- [PROBLEM DETAILS]:
Retype word for word the lines of the data below, from the first to the one bearing "using True False by (intro", with that one included.

(Records drawn from a dataset)
★ ★ ★ ★

lemma ladder_step_clamp: "0 \<le> z \<Longrightarrow> ladder_step d x y z = max (-z) (min (d+y-x) z)"
  by (auto simp: ladder_step_def min_def max_def)

lemma step_prob_given_xy:
  "emeasure Exp1 {z. ladder_step d x y z \<le> t}
     = ennreal (exp_cdf t + exp (- \<bar>t\<bar>) * (if d+y-x \<le> t then 1 else 0))"
proof -
  have meas: "{z. ladder_step d x y z \<le> t} \<in> sets borel"
    unfolding ladder_step_def by measurable
  have "emeasure Exp1 {z. ladder_step d x y z \<le> t}
     = (\<integral>\<^sup>+z. ennreal (exponential_density 1 z) * indicator {z. ladder_step d x y z \<le> t} z \<partial>lborel)"
    unfolding Exp1_def using meas by (subst emeasure_density) auto
  also have "\<dots> = ennreal (exp_cdf t + exp (- \<bar>t\<bar>) * (if d+y-x \<le> t then 1 else 0))"
  proof (cases "d+y-x \<le> t")
    case True
    have "(\<integral>\<^sup>+z. ennreal (exponential_density 1 z) * indicator {z. ladder_step d x y z \<le> t} z \<partial>lborel)
       = (\<integral>\<^sup>+z. ennreal (exp ((-1)*z+0)) * indicator {max 0 (-t)..} z \<partial>lborel)"
      using True by (intro nn_integral_cong)
        (auto simp: exponential_density_def indicator_def ladder_step_clamp)
    also have "\<dots> = ennreal (- exp ((-1)*(max 0 (-t))+0) / (-1))"
      by (rule nn_integral_exp_Ici) auto
    finally show ?thesis
      using True by (auto simp: exp_cdf_def max_def abs_if simp del: ennreal_plus)
  next
    case False
    show ?thesis
    proof (cases "0 \<le> t")
      case True
      have "(\<integral>\<^sup>+z. ennreal (exponential_density 1 z) * indicator {z. ladder_step d x y z \<le> t} z \<partial>lborel)
         = (\<integral>\<^sup>+z. ennreal (exp ((-1)*z+0)) * indicator {0..t} z \<partial>lborel)"
        using True False by (intro nn_integral_cong)
          (auto simp: exponential_density_def indicator_def ladder_step_clamp)
      also have "\<dots> = ennreal ((exp ((-1)*t+0) - exp ((-1)*0+0)) / (-1))"
        using True by (intro nn_integral_exp_Icc) auto
      finally show ?thesis
        using True False by (auto simp: exp_cdf_def simp del: ennreal_plus)
    next
      case f2: False
      have "(\<lambda>z. ennreal (exponential_density 1 z) * indicator {z. ladder_step d x y z \<le> t} z) = (\<lambda>z. 0)"
        using f2 False by (intro ext) (auto simp: exponential_density_def indicator_def ladder_step_clamp)
      then show ?thesis using f2 False by (simp add: exp_cdf_def)
    qed
  qed
  finally show ?thesis .
qed

text \<open>Averaging over X and Y turns the jump indicator into laplace_cdf (t - d).\<close>

lemma step_prob_given_x_integral:
  "(\<integral>\<^sup>+x. \<integral>\<^sup>+y. ennreal (exp_cdf t + exp (- \<bar>t\<bar>) * (if d+y-x \<le> t then 1 else 0)) \<partial>Exp1 \<partial>Exp1)
    = ennreal (step_cdf d t)"
proof -
  have inner: "(\<integral>\<^sup>+y. ennreal (exp_cdf t + exp (- \<bar>t\<bar>) * (if d+y-x \<le> t then 1 else 0)) \<partial>Exp1)
     = ennreal (exp_cdf t) + ennreal (exp (- \<bar>t\<bar>)) * ennreal (exp_cdf ((t-d) + x))"
    for x
  proof -
    have "(\<integral>\<^sup>+y. ennreal (exp_cdf t + exp (- \<bar>t\<bar>) * (if d+y-x \<le> t then 1 else 0)) \<partial>Exp1)
       = (\<integral>\<^sup>+y. ennreal (exp_cdf t) + ennreal (exp (- \<bar>t\<bar>)) * indicator {..(t-d)+x} y \<partial>Exp1)"
      using exp_cdf_nonneg[of t] by (intro nn_integral_cong) (auto simp: indicator_def)
    also have "\<dots> = ennreal (exp_cdf t) + ennreal (exp (- \<bar>t\<bar>)) * emeasure Exp1 {..(t-d)+x}"
      by (simp add: nn_integral_add nn_integral_cmult)
    finally show ?thesis by (simp only: emeasure_Exp1_atMost)
  qed
  have "(\<integral>\<^sup>+x. \<integral>\<^sup>+y. ennreal (exp_cdf t + exp (- \<bar>t\<bar>) * (if d+y-x \<le> t then 1 else 0)) \<partial>Exp1 \<partial>Exp1)
    = (\<integral>\<^sup>+x. ennreal (exp_cdf t) + ennreal (exp (- \<bar>t\<bar>)) * ennreal (exp_cdf ((t-d) + x)) \<partial>Exp1)"
    by (simp only: inner)
  also have "\<dots> = ennreal (exp_cdf t) + ennreal (exp (- \<bar>t\<bar>)) * (\<integral>\<^sup>+x. ennreal (exp_cdf ((t-d) + x)) \<partial>Exp1)"
    by (simp add: nn_integral_add nn_integral_cmult exp_cdf_def del: ennreal_plus)
  also have "\<dots> = ennreal (step_cdf d t)"
    by (simp only: laplace_cdf_as_Exp1_integral ennreal_step_cdf)
  finally show ?thesis .
qed

lemma measurable_le_set:
  assumes "g \<in> borel_measurable N" "space N = UNIV"
  shows "{w. g w \<le> (t::real)} \<in> sets N"
proof -
  have "{w. g w \<le> t} = g -` {..t} \<inter> space N" using assms(2) by auto
  then show ?thesis using measurable_sets[OF assms(1), of "{..t}"] by simp
qed

lemma prob_space_Exp1_Exp1: "prob_space (Exp1 \<Otimes>\<^sub>M Exp1)"
  by (intro prob_space_pair prob_space_Exp1)

lemma prob_space_Exp1_cube: "prob_space (Exp1 \<Otimes>\<^sub>M (Exp1 \<Otimes>\<^sub>M Exp1))"
  by (intro prob_space_pair prob_space_Exp1 prob_space_Exp1_Exp1)

lemma ladder_step_cdf:
  "emeasure (Exp1 \<Otimes>\<^sub>M (Exp1 \<Otimes>\<^sub>M Exp1)) {w. ladder_step d (fst w) (fst (snd w)) (snd (snd w)) \<le> t}
   = ennreal (step_cdf d t)"
proof -
  interpret EE: sigma_finite_measure "Exp1 \<Otimes>\<^sub>M Exp1"
    using prob_space_Exp1_Exp1 by (simp add: prob_space_imp_sigma_finite)
  interpret E: sigma_finite_measure Exp1
    using prob_space_Exp1 by (simp add: prob_space_imp_sigma_finite)
  have section_yz: "emeasure (Exp1 \<Otimes>\<^sub>M Exp1) (Pair x -` {w. ladder_step d (fst w) (fst (snd w)) (snd (snd w)) \<le> t})
       = (\<integral>\<^sup>+y. emeasure Exp1 {z. ladder_step d x y z \<le> t} \<partial>Exp1)" for x
  proof -
    have "emeasure (Exp1 \<Otimes>\<^sub>M Exp1) (Pair x -` {w. ladder_step d (fst w) (fst (snd w)) (snd (snd w)) \<le> t})
       = emeasure (Exp1 \<Otimes>\<^sub>M Exp1) {v. ladder_step d x (fst v) (snd v) \<le> t}"
      by (auto intro!: arg_cong[where f="emeasure _"])
    also have "\<dots> = (\<integral>\<^sup>+y. emeasure Exp1 (Pair y -` {v. ladder_step d x (fst v) (snd v) \<le> t}) \<partial>Exp1)"
      by (rule E.emeasure_pair_measure_alt, rule measurable_le_set)
         (unfold ladder_step_def, measurable, simp add: space_pair_measure)
    also have "\<dots> = (\<integral>\<^sup>+y. emeasure Exp1 {z. ladder_step d x y z \<le> t} \<partial>Exp1)"
      by (auto intro!: nn_integral_cong arg_cong[where f="emeasure _"])
    finally show ?thesis .
  qed
  have "emeasure (Exp1 \<Otimes>\<^sub>M (Exp1 \<Otimes>\<^sub>M Exp1)) {w. ladder_step d (fst w) (fst (snd w)) (snd (snd w)) \<le> t}
     = (\<integral>\<^sup>+x. emeasure (Exp1 \<Otimes>\<^sub>M Exp1) (Pair x -` {w. ladder_step d (fst w) (fst (snd w)) (snd (snd w)) \<le> t}) \<partial>Exp1)"
    by (rule EE.emeasure_pair_measure_alt, rule measurable_le_set)
       (unfold ladder_step_def, measurable, simp add: space_pair_measure)
  also have "\<dots> = (\<integral>\<^sup>+x. \<integral>\<^sup>+y. emeasure Exp1 {z. ladder_step d x y z \<le> t} \<partial>Exp1 \<partial>Exp1)"
    by (simp only: section_yz)
  also have "\<dots> = ennreal (step_cdf d t)"
    by (simp only: step_prob_given_xy step_prob_given_x_integral)
  finally show ?thesis .
qed

lemma ennreal_add2: "0 \<le> a \<Longrightarrow> 0 \<le> b \<Longrightarrow> a + b = c \<Longrightarrow> ennreal a + ennreal b = ennreal c"
  by (simp add: ennreal_plus[symmetric] del: ennreal_plus)

lemma ennreal_add3:
  "0 \<le> a \<Longrightarrow> 0 \<le> b \<Longrightarrow> 0 \<le> e \<Longrightarrow> a + b + e = c \<Longrightarrow> ennreal a + ennreal b + ennreal e = ennreal c"
  by (simp add: ennreal_plus[symmetric] del: ennreal_plus)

★ ★ ★ ★

- [THE ANSWER]:
lemma ladder_step_clamp: "0 \<le> z \<Longrightarrow> ladder_step d x y z = max (-z) (min (d+y-x) z)"
  by (auto simp: ladder_step_def min_def max_def)

lemma step_prob_given_xy:
  "emeasure Exp1 {z. ladder_step d x y z \<le> t}
     = ennreal (exp_cdf t + exp (- \<bar>t\<bar>) * (if d+y-x \<le> t then 1 else 0))"
proof -
  have meas: "{z. ladder_step d x y z \<le> t} \<in> sets borel"
    unfolding ladder_step_def by measurable
  have "emeasure Exp1 {z. ladder_step d x y z \<le> t}
     = (\<integral>\<^sup>+z. ennreal (exponential_density 1 z) * indicator {z. ladder_step d x y z \<le> t} z \<partial>lborel)"
    unfolding Exp1_def using meas by (subst emeasure_density) auto
  also have "\<dots> = ennreal (exp_cdf t + exp (- \<bar>t\<bar>) * (if d+y-x \<le> t then 1 else 0))"
  proof (cases "d+y-x \<le> t")
    case True
    have "(\<integral>\<^sup>+z. ennreal (exponential_density 1 z) * indicator {z. ladder_step d x y z \<le> t} z \<partial>lborel)
       = (\<integral>\<^sup>+z. ennreal (exp ((-1)*z+0)) * indicator {max 0 (-t)..} z \<partial>lborel)"
      using True by (intro nn_integral_cong)
        (auto simp: exponential_density_def indicator_def ladder_step_clamp)
    also have "\<dots> = ennreal (- exp ((-1)*(max 0 (-t))+0) / (-1))"
      by (rule nn_integral_exp_Ici) auto
    finally show ?thesis
      using True by (auto simp: exp_cdf_def max_def abs_if simp del: ennreal_plus)
  next
    case False
    show ?thesis
    proof (cases "0 \<le> t")
      case True
      have "(\<integral>\<^sup>+z. ennreal (exponential_density 1 z) * indicator {z. ladder_step d x y z \<le> t} z \<partial>lborel)
         = (\<integral>\<^sup>+z. ennreal (exp ((-1)*z+0)) * indicator {0..t} z \<partial>lborel)"
        using True False by (intro nn_integral_cong)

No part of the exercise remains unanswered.